An Analysis of Sample Rate Conversion in Sox

Sox contains three different sample-rate conversion algorithms:
  1. Linear Interpolation: missing samples are linearly interpolated from existing samples.
  2. Band-Limited Interpolation: missing samples are interpolated using a Kaiser-windowed sinc function from existing samples.
  3. Polyphase Filtering: traditional DSP interpolation and decimation mechanisms implemented efficiently.
The question that arises is: Which of these algorithms is the best for converting my data?

Unfortunately, the answer is not quite obvious, especially because some of the effects suffered from serveral implementation flaws in older versions (before sox 12.16). The resample effect had some trouble with calculating the correct cut-off frequency, which lead to aliasing when downsampling and excessive low pass filtering when upsampling. This problem has been removed in the version used here. The polyphase effect has been improved, too, which gives much better results than previous versions.

To address the signal-processing issues, I performed a series of experiments using Sox 12.17.3 and Matlab under Linux.  The script of these experiments is available, should you wish to recreate them.

These experiments are intended to find the effects of these differing techniques on the spectrum of the signal processed, and what drawbacks (if any) exist.

Table of Contents:

  1. Upsampling

  2.  
    1. Random Noise
      1. Linear Interpolation
      2. Band-Limited Interpolation
      3. Polyphase Filtering

      4.  
    2. Sine Waves
      1. Linear Interpolation
      2. Band-Limited Interpolation
      3. Polyphase Filtering

      4.  
  3. Downsampling

  4.  
    1. Random Noise
      1. Linear Interpolation
      2. Band-Limited Interpolation
      3. Polyphase Filtering

      4.  
    2. Sine Waves
      1. Linear Interpolation
      2. Band-Limited Interpolation
      3. Polyphase Filtering

      4.  
  5. Summary

Ideal Sample-Rate Conversion

Under ideal mathematical conditions, sample-rate conversion from a lower sampling rate to a higher sampling rate creates the original spectrum of the signal at the new sampling rate with no energy in the frequency domain between the original highest frequency (Forig / 2) and the new highest frequency (Fnew / 2), where Forig and Fnew are the orignal and new sampling rates. There is no loss of information from the original signal.
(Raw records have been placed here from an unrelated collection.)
lemma prod_cos_eq_sum_signs:
  fixes \<theta> :: "'a \<Rightarrow> real"
  shows "(\<Prod>k\<leftarrow>xs. cos (\<theta> k)) =
    (\<Sum>es\<in>signs (length xs). cos (\<Sum>p\<leftarrow>zip es xs. of_int (fst p) * \<theta> (snd p))) / 2 ^ length xs"
proof (induction xs)
  case (Cons x xs)
  let ?T = "\<lambda>es. \<Sum>p\<leftarrow>zip es xs. of_int (fst p) * \<theta> (snd p)"
  have product: "cos (\<theta> x) * cos (?T es) = (cos (- \<theta> x + ?T es) + cos (\<theta> x + ?T es)) / 2" for es
    using cos_times_cos[of "\<theta> x" "?T es"] cos_minus[of "\<theta> x - ?T es"] by simp
  have "(\<Prod>k\<leftarrow>x # xs. cos (\<theta> k)) = (\<Sum>es\<in>signs (length xs). cos (\<theta> x) * cos (?T es)) / 2 ^ length xs"
    using Cons by (simp add: sum_distrib_left)
  also have "\<dots> = (\<Sum>es\<in>signs (length xs). cos (- \<theta> x + ?T es) + cos (\<theta> x + ?T es)) / 2 ^ Suc (length xs)"
    unfolding product by (simp add: sum_divide_distrib[symmetric])
  also have "(\<Sum>es\<in>signs (length xs). cos (- \<theta> x + ?T es) + cos (\<theta> x + ?T es))
      = (\<Sum>es\<in>signs (Suc (length xs)). cos (\<Sum>p\<leftarrow>zip es (x # xs). of_int (fst p) * \<theta> (snd p)))"
    by (subst sum_tuples_Suc) auto
  finally show ?case
    by simp
qed simp

lemma integral_cos_int:
  fixes N :: int
  shows "integral {0..1} (\<lambda>\<omega>. cos (2 * pi * of_int N * \<omega>)) = of_bool (N = 0)"
proof (cases "N = 0")
  case False
  have "((\<lambda>\<omega>. cos (2 * pi * of_int N * \<omega>)) has_integral
      sin (2 * pi * of_int N * 1) / (2 * pi * of_int N) -
      sin (2 * pi * of_int N * 0) / (2 * pi * of_int N)) {0..1}"
    using False
    by (intro fundamental_theorem_of_calculus)
       (auto intro!: derivative_eq_intros simp flip: has_real_derivative_iff_has_vector_derivative)
  then show ?thesis
    using False by (simp add: integral_unique sin_int_2pin)
qed simp

lemma integral_prod_cos_int:
  fixes A :: "nat \<Rightarrow> int"
  shows "integral {0..1} (\<lambda>\<omega>. \<Prod>k\<leftarrow>xs. cos (2 * pi * of_int (A k) * \<omega>)) =
    (\<Sum>es\<in>signs (length xs). of_bool (signed_sum A (zip es xs) = 0)) / 2 ^ length xs"
proof -
  let ?n = "length xs"
  have lin: "(\<Sum>p\<leftarrow>zip es xs. of_int (fst p) * (2 * pi * of_int (A (snd p)) * \<omega>))
      = 2 * pi * of_int (signed_sum A (zip es xs)) * \<omega>" for es \<omega>
  proof (induction xs arbitrary: es)
    case (Cons x xs)
    then show ?case
      by (cases es) (auto simp: algebra_simps)
  qed simp
  have "integral {0..1} (\<lambda>\<omega>. \<Prod>k\<leftarrow>xs. cos (2 * pi * of_int (A k) * \<omega>))
      = integral {0..1} (\<lambda>\<omega>. \<Sum>es\<in>signs ?n. cos (2 * pi * of_int (signed_sum A (zip es xs)) * \<omega>)) / 2 ^ ?n"
    unfolding prod_cos_eq_sum_signs lin by (rule integral_divide)
  also have "\<dots> = (\<Sum>es\<in>signs ?n.
      integral {0..1} (\<lambda>\<omega>. cos (2 * pi * of_int (signed_sum A (zip es xs)) * \<omega>))) / 2 ^ ?n"
    by (subst integral_sum)
      (auto intro!: integrable_continuous_interval continuous_intros finite_tuples)
  finally show ?thesis
    by (simp add: integral_cos_int)
qed

section \<open>Eventually linear set functions\<close>

definition tuple_sum_form :: "nat \<Rightarrow> (nat set \<Rightarrow> real) \<Rightarrow> bool" where
  "tuple_sum_form k g \<longleftrightarrow> (\<exists>\<psi>. \<forall>A. finite A \<longrightarrow> A \<subseteq> {1..} \<longrightarrow> g A = (\<Sum>xs\<in>tuples k A. \<psi> xs))"

lemma tuple_sum_form_diff:
  assumes "tuple_sum_form k f" "tuple_sum_form k g"
  shows "tuple_sum_form k (\<lambda>A. f A - g A)"
proof -
  obtain \<psi>1 \<psi>2 where "\<forall>A. finite A \<longrightarrow> A \<subseteq> {1..} \<longrightarrow> f A = (\<Sum>xs\<in>tuples k A. \<psi>1 xs)"
    "\<forall>A. finite A \<longrightarrow> A \<subseteq> {1..} \<longrightarrow> g A = (\<Sum>xs\<in>tuples k A. \<psi>2 xs)"
    using assms unfolding tuple_sum_form_def by blast
  then show ?thesis
    unfolding tuple_sum_form_def by (intro exI[of _ "\<lambda>xs. \<psi>1 xs - \<psi>2 xs"]) (simp add: sum_subtractf)
qed

lemma tuple_sum_form_cmult: "tuple_sum_form k f \<Longrightarrow> tuple_sum_form k (\<lambda>A. r * f A)"
  unfolding tuple_sum_form_def by (metis (no_types, lifting) sum_distrib_left)

lemma tuple_sum_form_sum:
  assumes "finite I" "\<And>i. i \<in> I \<Longrightarrow> tuple_sum_form k (f i)"
  shows "tuple_sum_form k (\<lambda>A. \<Sum>i\<in>I. f i A)"
  using assms
proof (induction I rule: finite_induct)
  case empty
  show ?case
    unfolding tuple_sum_form_def by (intro exI[of _ "\<lambda>_. 0"]) simp
next
  case (insert i I)
  then show ?case
    using tuple_sum_form_diff[of k "f i" "\<lambda>A. - (\<Sum>i\<in>I. f i A)"]
      tuple_sum_form_cmult[of k "\<lambda>A. \<Sum>i\<in>I. f i A" "-1"]
    by simp
qed

lemma tuple_sum_form_mult:
  assumes "tuple_sum_form k f" "tuple_sum_form l g"
  shows "tuple_sum_form (k + l) (\<lambda>A. f A * g A)"
proof -
  obtain \<psi>1 \<psi>2 where "\<forall>A. finite A \<longrightarrow> A \<subseteq> {1..} \<longrightarrow> f A = (\<Sum>xs\<in>tuples k A. \<psi>1 xs)"
    "\<forall>A. finite A \<longrightarrow> A \<subseteq> {1..} \<longrightarrow> g A = (\<Sum>xs\<in>tuples l A. \<psi>2 xs)"
    using assms unfolding tuple_sum_form_def by blast
  then show ?thesis
    unfolding tuple_sum_form_def
    by (intro exI[of _ "\<lambda>zs. \<psi>1 (take k zs) * \<psi>2 (drop k zs)"]) (simp add: sum_tuples_mult)
qed

locale gap_additive_setfun =
  fixes f :: "nat set \<Rightarrow> real" and \<psi> :: "nat list \<Rightarrow> real" and m G H :: nat
  assumes m_pos: "1 \<le> m" and G_pos: "1 \<le> G" and H_pos: "1 \<le> H"
    and tuple_sum: "\<And>A. finite A \<Longrightarrow> A \<subseteq> {1..} \<Longrightarrow> f A = (\<Sum>xs\<in>tuples m A. \<psi> xs)"
    and gap_additive: "\<And>A r. finite A \<Longrightarrow> A \<subseteq> {1..} \<Longrightarrow> \<forall>x\<in>A. x \<le> r \<or> r + G \<le> x \<Longrightarrow>
      f A = f {x\<in>A. x \<le> r} + f {x\<in>A. r + G \<le> x}"
    and shift_invariant: "\<And>A s. finite A \<Longrightarrow> A \<subseteq> {H..} \<Longrightarrow> f ((\<lambda>x. x + s) ` A) = f A"
begin

definition exact_part :: "nat set \<Rightarrow> real" where
  "exact_part B = (\<Sum>xs\<in>{xs\<in>tuples m B. set xs = B}. \<psi> xs)"

lemma f_eq_sum_exact_parts:
  assumes "finite A" "A \<subseteq> {1..}"
  shows "f A = (\<Sum>B\<in>Pow A. exact_part B)"
proof -
  have "f A = (\<Sum>B\<in>Pow A. \<Sum>xs\<in>{xs\<in>tuples m A. set xs = B}. \<psi> xs)"
    unfolding tuple_sum[OF assms]
    by (rule sum.group[symmetric]) (use finite_tuples[OF assms(1)] assms(1) in \<open>auto simp: tuples_def\<close>)
  also have "\<dots> = (\<Sum>B\<in>Pow A. exact_part B)"
    unfolding exact_part_def
    by (intro sum.cong refl arg_cong2[where f = sum]) (auto simp: tuples_def)
  finally show ?thesis .
qed

lemma exact_part_nonzero:
  assumes "exact_part B \<noteq> 0"
  shows "B \<noteq> {}" "card B \<le> m"
proof -
  have "{xs\<in>tuples m B. set xs = B} \<noteq> {}"
    using assms unfolding exact_part_def by (metis sum.empty)
  then obtain xs where xs: "xs \<in> tuples m B" "set xs = B"
    by blast
  then show "card B \<le> m"
    using card_length[of xs] by (auto simp: tuples_def)
  show "B \<noteq> {}"
    using xs m_pos by (auto simp: tuples_def)
qed

lemma exact_part_empty: "exact_part {} = 0"
  using exact_part_nonzero(1) by blast

lemma f_eq_disjoint_parts_plus_mixed:
  assumes "finite B" "B \<subseteq> {1..}" "B1 \<subseteq> B" "B2 \<subseteq> B" "B1 \<inter> B2 = {}"
  shows "f B = f B1 + f B2 + (\<Sum>D\<in>Pow B - (Pow B1 \<union> Pow B2). exact_part D)"
proof -
  have fin: "finite B1" "finite B2" "finite (Pow B)"
    using assms by (auto intro: finite_subset)
  have "Pow B = (Pow B1 \<union> Pow B2) \<union> (Pow B - (Pow B1 \<union> Pow B2))"
    using assms(3,4) by auto
  then have "f B = (\<Sum>D\<in>Pow B1 \<union> Pow B2. exact_part D) + (\<Sum>D\<in>Pow B - (Pow B1 \<union> Pow B2). exact_part D)"
    using f_eq_sum_exact_parts[OF assms(1,2)] fin
    by (metis Diff_disjoint finite_Diff finite_Un sum.union_disjoint)
  moreover have "Pow B1 \<inter> Pow B2 = {{}}"
    using assms(5) by auto
  then have "(\<Sum>D\<in>Pow B1 \<union> Pow B2. exact_part D) = f B1 + f B2"
    using assms fin exact_part_empty by (simp add: sum.union_inter_neutral f_eq_sum_exact_parts)
  ultimately show ?thesis
    by simp
qed

lemma exact_part_split:
  assumes "finite B" "B \<subseteq> {1..}" "\<forall>x\<in>B. x \<le> r \<or> r + G \<le> x"
    and "\<exists>x\<in>B. x \<le> r" "\<exists>x\<in>B. r + G \<le> x"
  shows "exact_part B = 0"
  using assms
proof (induction "card B" arbitrary: B rule: less_induct)
  case less
  define B1 where "B1 = {x\<in>B. x \<le> r}"
  define B2 where "B2 = {x\<in>B. r + G \<le> x}"
  define mixed where "mixed = Pow B - (Pow B1 \<union> Pow B2)"
  have "B \<in> mixed"
    using less.prems(4,5) G_pos by (force simp: mixed_def B1_def B2_def)
  \<comment> \<open>Smaller sets meeting both sides vanish by induction, so \<open>exact_part B\<close> is the
    additivity defect of f on B.\<close>
  have "exact_part D = 0" if "D \<in> mixed - {B}" for D
  proof (rule less.hyps)
    show "card D < card B"
      using that less.prems(1) by (auto simp: mixed_def intro: psubset_card_mono)
    show "\<exists>x\<in>D. x \<le> r" "\<exists>x\<in>D. r + G \<le> x"
      using that less.prems(3) by (auto simp: mixed_def B1_def B2_def)
  qed (use that less.prems(1-3) in \<open>auto simp: mixed_def intro: finite_subset\<close>)
  then have "(\<Sum>D\<in>mixed. exact_part D) = exact_part B"
    using \<open>B \<in> mixed\<close> less.prems(1) by (subst sum.remove) (auto simp: mixed_def)
  moreover have "f B = f B1 + f B2 + (\<Sum>D\<in>mixed. exact_part D)"
    unfolding mixed_def using less.prems(1,2) G_pos
    by (intro f_eq_disjoint_parts_plus_mixed) (auto simp: B1_def B2_def)
  moreover have "f B = f B1 + f B2"
    unfolding B1_def B2_def using gap_additive less.prems(1-3) by blast
  ultimately show "exact_part B = 0"
    by simp
qed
Sample-rate conversion from a higher sampling rate to a lower sampling rate removes signal energy from Fnew / 2 to Forig / 2, thereby reducing the signal content, and creates a new signal at the new sampling rate.

To evaluate different sample-rate conversion techniques, the output of each is compared to this ideal. The key features for up-conversion are:


Upsampling From 8 kHz to 44.1 kHz

The experiment uses two mathematical signal sources: random noise, which has a "flat" spectrum (constant energy at all frequencies), and a sequence of sine waves spaced at 500 Hz, which allows a much better feel for the shape of filter distortions and also more readily shows the presence of aliasing artifacts (aliasing is the presence of energy from high frequency regions in low frequency regions due to the removal or insertion of samples).

The signal source is originally at 8 kHz sampling rate, and written to a 16-bit, single channel .WAV file (PCM encoding). Sox is used to perform sample rate conversion to 44.1 kHz using each of the sample-rate conversion algorithms.

Each of the resulting up-sampled files is loaded into Matlab using a function that reads the binary format into memory, and then a 64k-point FFT is performed. The resulting spectrum is plotted in dB against the new sampling rate.

Random Noise

Results for all three tests using random noise appear in the figure below. In all plots shown here the least significant bit corresponds to 0 dB.





The upper limit of data at an 8 kHz sampling rate is 4 kHz, which is shown by the green line. Each method leaves some amount of signal energy above 4 kHz, which is improper as the original signal had no energy at these frequencies. On the other hand, the truncation error when reducing the sample values to 16-bit integers produces a noise floor which is about -40 dB. No method could ever become better than that, of course, if testing with wave files.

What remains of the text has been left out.